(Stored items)
━━━━━━━━━━━━━━━━━━━━

definition augmentation_compatible ::
  "('q::comm_monoid_add \<Rightarrow>\<^sub>0 'k::field) set \<Rightarrow> ('q \<Rightarrow>\<^sub>0 'k) set \<Rightarrow> bool" where
  "augmentation_compatible I A \<longleftrightarrow>
     (\<exists>c::'q \<Rightarrow> 'k. (\<forall>q. c q \<noteq> 0) \<and>
        A = ideal_gen (range (\<lambda>q. mono_t q - Poly_Mapping.single 0 (c q)))) \<and>
     A \<noteq> UNIV \<and> binomial_ideal (I \<inter> A)"

end

theory Submission
  imports Defs
begin

(* The heart of the argument is a reduction fact: if I \<subseteq> J are binomial ideals
   inducing the same congruence, every binomial of J agrees modulo I with a
   scalar multiple of a monomial lying in J.  Consequently J is contained in any
   ideal S \<supseteq> I that contains the monomials of J.  Two consequences follow:
   - rigidity: if I \<subset> J strictly, then J contains a monomial and I contains none
     (a monomial of I would force all monomials of J into I, and then J \<subseteq> I);
     in a chain I_0 \<subset> I_1 \<subset> I_2 the middle ideal would have to both contain and
     avoid monomials, so the chain has length at most one;
   - for a jump I_0 \<subset> I_1 with t^m \<in> I_1, every t^(q+m) is congruent modulo I_0 to a
     unique nonzero multiple \<phi>(q) t^m; the augmentation ideal
     A = \<langle>t^q - \<phi>(q)\<rangle> annihilates t^m modulo I_0, contains I_0, and
     I_1 \<subseteq> I_0 + k t^m (by the containment criterion above) gives I_1 \<inter> A = I_0.
   The argument never uses that Q is finitely generated. *)

lemma is_ideal_ideal_gen: "is_ideal (ideal_gen S)"
  unfolding ideal_gen_def is_ideal_def by auto

lemma ideal_gen_subset: "S \<subseteq> ideal_gen S"
  unfolding ideal_gen_def by auto

lemma ideal_gen_least: "is_ideal J \<Longrightarrow> S \<subseteq> J \<Longrightarrow> ideal_gen S \<subseteq> J"
  unfolding ideal_gen_def by auto

lemma ideal_zero: "is_ideal I \<Longrightarrow> 0 \<in> I"
  unfolding is_ideal_def by auto

lemma ideal_add: "is_ideal I \<Longrightarrow> a \<in> I \<Longrightarrow> b \<in> I \<Longrightarrow> a + b \<in> I"
  unfolding is_ideal_def by auto

lemma ideal_mult: "is_ideal I \<Longrightarrow> a \<in> I \<Longrightarrow> r * a \<in> I"
  unfolding is_ideal_def by auto
(* Let $\mathbf{A}\in\mathbb{R}^{m\times n}$, $l=\min\{m,n\}$, $r=\mathrm{rank}(\mathbf{A})$, $\mu,\nu\in[0,\infty)$, and define $\lambda\in[0,\infty]$ by $\lambda^2=0$ if $\mu=0$; $\lambda^2=\mu^2/|\mathbf{A}\mathbf{A}^T|^\nu$ if $\mu>0$ and $|\mathbf{A}\mathbf{A}^T|^\nu>0$; and $\lambda^2=\infty$ if $\mu>0$ and $|\mathbf{A}\mathbf{A}^T|^\nu=0$. Let $\sigma_1\ge\cdots\ge\sigma_l\ge0$ be the singular values of $\mathbf{A}$. Then $\|\mathbf{A}^{*(\lambda)}\|\le\min\{M_1,M_2\}$, where $M_1=0$ if $\mathbf{A}=\mathbf{0}$ and $M_1=1/\sigma_r$ if $\mathbf{A}\neq\mathbf{0}$, and $M_2=\infty$ if $\mu=0$ and $M_2=\frac{1}{2\mu}\prod_{i=1}^l\sigma_i^\nu$ if $\mu>0$. Moreover, if $\mu>0$ then $\|\mathbf{A}^{*(\lambda)}\|\le\frac{1}{2\mu}\|\mathbf{A}\|^{\nu l}$.
   Context: $|\cdot|$ denotes the determinant, with the convention $0^0=1$. $\|\cdot\|$ is the spectral norm. For $\lambda\in[0,\infty]$ the (extended) damped pseudoinverse is $\mathbf{A}^{*(\lambda)}=\mathbf{A}^T(\mathbf{A}\mathbf{A}^T+\lambda^2\mathbf{I}_m)^+$ if $\lambda<\infty$ and $\mathbf{A}^{*(\infty)}=\mathbf{0}\in\mathbb{R}^{n\times m}$, where ${}^+$ is the Moore–Penrose pseudoinverse. *)

theory Defs
  imports "HOL-Analysis.Analysis" "HOL-Library.Extended_Real"
begin

text \<open>Real power with the convention 0^0 = 1 (Isabelle's powr has 0 powr 0 = 0).\<close>
definition pow0 :: "real \<Rightarrow> real \<Rightarrow> real" where
  "pow0 x a = (if x = 0 then (if a = 0 then 1 else 0) else x powr a)"

definition spec_norm :: "real^'n^'m \<Rightarrow> real" where
  "spec_norm A = onorm (\<lambda>x. A *v x)"

definition mp_pinv :: "real^'n^'m \<Rightarrow> real^'m^'n" where
  "mp_pinv X = (THE Y. X ** Y ** X = X \<and> Y ** X ** Y = Y \<and>
                  transpose (X ** Y) = X ** Y \<and> transpose (Y ** X) = Y ** X)"

definition damped_pinv :: "ereal \<Rightarrow> real^'n^'m \<Rightarrow> real^'m^'n" where
  "damped_pinv lam A = (if lam = \<infinity> then 0
     else transpose A ** mp_pinv (A ** transpose A + ((real_of_ereal lam)\<^sup>2) *\<^sub>R mat 1))"

text \<open>sigma 1 \<ge> ... \<ge> sigma l \<ge> 0 (1-indexed, l = min m n) are the singular values of A:
  A = U D V^T with U, V orthogonal and D the m x n "diagonal" matrix with diagonal
  sigma 1, ..., sigma l, rows/columns numbered 1..m and 1..n by bijections em, en.\<close>
definition singular_values :: "real^'n^'m \<Rightarrow> (nat \<Rightarrow> real) \<Rightarrow> bool" where
  "singular_values A \<sigma> \<longleftrightarrow>
     (let l = min CARD('m) CARD('n) in
       (\<forall>i\<in>{1..l}. 0 \<le> \<sigma> i) \<and> (\<forall>i\<in>{1..l}. \<forall>j\<in>{1..l}. i \<le> j \<longrightarrow> \<sigma> j \<le> \<sigma> i) \<and>
       (\<exists>(U::real^'m^'m) (V::real^'n^'n) (em::'m \<Rightarrow> nat) (en::'n \<Rightarrow> nat).
          orthogonal_matrix U \<and> orthogonal_matrix V \<and>
          bij_betw em UNIV {1..CARD('m)} \<and> bij_betw en UNIV {1..CARD('n)} \<and>
          A = U ** (\<chi> i j. if em i = en j then \<sigma> (em i) else 0) ** transpose V))"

━━━━━━━━━━━━━━━━━━━━

• _Exercise brief_
Every record above is to be copied out again exactly as written.

• _Answer area_
definition augmentation_compatible ::
  "('q::comm_monoid_add \<Rightarrow>\<^sub>0 'k::field) set \<Rightarrow> ('q \<Rightarrow>\<^sub>0 'k) set \<Rightarrow> bool" where
  "augmentation_compatible I A \<longleftrightarrow>
     (\<exists>c::'q \<Rightarrow> 'k. (\<forall>q. c q \<noteq> 0) \<and>
        A = ideal_gen (range (\<lambda>q. mono_t q - Poly_Mapping.single 0 (c q)))) \<and>
     A \<noteq> UNIV \<and> binomial_ideal (I \<inter> A)"

end

theory Submission
  imports Defs
begin

(* The heart of the argument is a reduction fact: if I \<subseteq> J are binomial ideals
   inducing the same congruence, every binomial of J agrees modulo I with a
   scalar multiple of a monomial lying in J.  Consequently J is contained in any
   ideal S \<supseteq> I that contains the monomials of J.  Two consequences follow:
   - rigidity: if I \<subset> J strictly, then J contains a monomial and I contains none
     (a monomial of I would force all monomials of J into I, and then J \<subseteq> I);
     in a chain I_0 \<subset> I_1 \<subset> I_2 the middle ideal would have to both contain and
     avoid monomials, so the chain has length at most one;
   - for a jump I_0 \<subset> I_1 with t^m \<in> I_1, every t^(q+m) is congruent modulo I_0 to a
     unique nonzero multiple \<phi>(q) t^m; the augmentation ideal
     A = \<langle>t^q - \<phi>(q)\<rangle> annihilates t^m modulo I_0, contains I_0, and
     I_1 \<subseteq> I_0 + k t^m (by the containment criterion above) gives I_1 \<inter> A = I_0.
   The argument never uses that Q is finitely generated. *)

lemma is_ideal_ideal_gen: "is_ideal (ideal_gen S)"
  unfolding ideal_gen_def is_ideal_def by auto

lemma ideal_gen_subset: "S \<subseteq> ideal_gen S"
  unfolding ideal_gen_def by auto

lemma ideal_gen_least: "is_ideal J \<Longrightarrow> S \<subseteq> J \<Longrightarrow> ideal_gen S \<subseteq> J"
  unfolding ideal_gen_def by auto

lemma ideal_zero: "is_ideal I \<Longrightarrow> 0 \<in> I"
  unfolding is_ideal_def by auto

lemma ideal_add: "is_ideal I \<Longrightarrow> a \<in> I \<Longrightarrow> b \<in> I \<Longrightarrow> a + b \<in> I"
  unfolding is_ideal_def by auto

lemma ideal_mult: "is_ideal I \<Longrightarrow> a \<in> I \<Longrightarrow> r * a \<in> I"
  unfolding is_ideal_def by auto
(* Let $\mathbf{A}\in\mathbb{R}^{m\times n}$, $l=\min\{m,n\}$, $r=\mathrm{rank}(\mathbf{A})$, $\mu,\nu\in[0,\infty)$, and define $\lambda\in[0,\infty]$ by $\lambda^2=0$ if $\mu=0$; $\lambda^2=\mu^2/|\mathbf{A}\mathbf{A}^T|^\nu$ if $\mu>0$ and $|\mathbf{A}\mathbf{A}^T|^\nu>0$; and $\lambda^2=\infty$ if $\mu>0$ and $|\mathbf{A}\mathbf{A}^T|^\nu=0$. Let $\sigma_1\ge\cdots\ge\sigma_l\ge0$ be the singular values of $\mathbf{A}$. Then $\|\mathbf{A}^{*(\lambda)}\|\le\min\{M_1,M_2\}$, where $M_1=0$ if $\mathbf{A}=\mathbf{0}$ and $M_1=1/\sigma_r$ if $\mathbf{A}\neq\mathbf{0}$, and $M_2=\infty$ if $\mu=0$ and $M_2=\frac{1}{2\mu}\prod_{i=1}^l\sigma_i^\nu$ if $\mu>0$. Moreover, if $\mu>0$ then $\|\mathbf{A}^{*(\lambda)}\|\le\frac{1}{2\mu}\|\mathbf{A}\|^{\nu l}$.
   Context: $|\cdot|$ denotes the determinant, with the convention $0^0=1$. $\|\cdot\|$ is the spectral norm. For $\lambda\in[0,\infty]$ the (extended) damped pseudoinverse is $\mathbf{A}^{*(\lambda)}=\mathbf{A}^T(\mathbf{A}\mathbf{A}^T+\lambda^2\mathbf{I}_m)^+$ if $\lambda<\infty$ and $\mathbf{A}^{*(\infty)}=\mathbf{0}\in\mathbb{R}^{n\times m}$, where ${}^+$ is the Moore–Penrose pseudoinverse. *)

theory Defs
  imports "HOL-Analysis.Analysis" "HOL-Library.Extended_Real"
begin

text \<open>Real power with the convention 0^0 = 1 (Isabelle's powr has 0 powr 0 = 0).\<close>
definition pow0 :: "real \<Rightarrow> real \<Rightarrow> real" where
  "pow0 x a = (if x = 0 then (if a = 0 then 1 else 0) else x powr a)"

definition spec_norm :: "real^'n^'m \<Rightarrow> real" where
  "spec_norm A = onorm (\<lambda>x. A *v x)"

definition mp_pinv :: "real^'n^'m \<Rightarrow> real^'m^'n" where
  "mp_pinv X = (THE Y. X ** Y ** X = X \<and> Y ** X ** Y = Y \<and>
                  transpose (X ** Y) = X ** Y \<and> transpose (Y ** X) = Y ** X)"

definition damped_pinv :: "ereal \<Rightarrow> real^'n^'m \<Rightarrow> real^'m^'n" where
  "damped_pinv lam A = (if lam = \<infinity> then 0
     else transpose A ** mp_pinv (A ** transpose A + ((real_of_ereal lam)\<^sup>2) *\<^sub>R mat 1))"

text \<open>sigma 1 \<ge> ... \<ge> sigma l \<ge> 0 (1-indexed, l = min m n) are the singular values of A:
  A = U D V^T with U, V orthogonal and D the m x n "diagonal" matrix with diagonal
  sigma 1, ..., sigma l, rows/columns numbered 1..m and 1..n by bijections em, en.\<close>
definition singular_values :: "real^'n^'m \<Rightarrow> (nat \<Rightarrow> real) \<Rightarrow> bool" where
  "singular_values A \<sigma> \<longleftrightarrow>
     (let l = min CARD('m) CARD('n) in
       (\<forall>i\<in>{1..l}. 0 \<le> \<sigma> i) \<and> (\<forall>i\<in>{1..l}. \<forall>j\<in>{1..l}. i \<le> j \<longrightarrow> \<sigma> j \<le> \<sigma> i) \<and>
       (\<exists>(U::real^'m^'m) (V::real^'n^'n) (em::'m \<Rightarrow> nat) (en::'n \<Rightarrow> nat).
          orthogonal_matrix U \<and> orthogonal_matrix V \<and>
          bij_betw em UNIV {1..CARD('m)} \<and> bij_betw en UNIV {1..CARD('n)} \<and>
          A = U ** (\<chi> i j. if em i = en j then \<sigma> (em i) else 0) ** transpose V))"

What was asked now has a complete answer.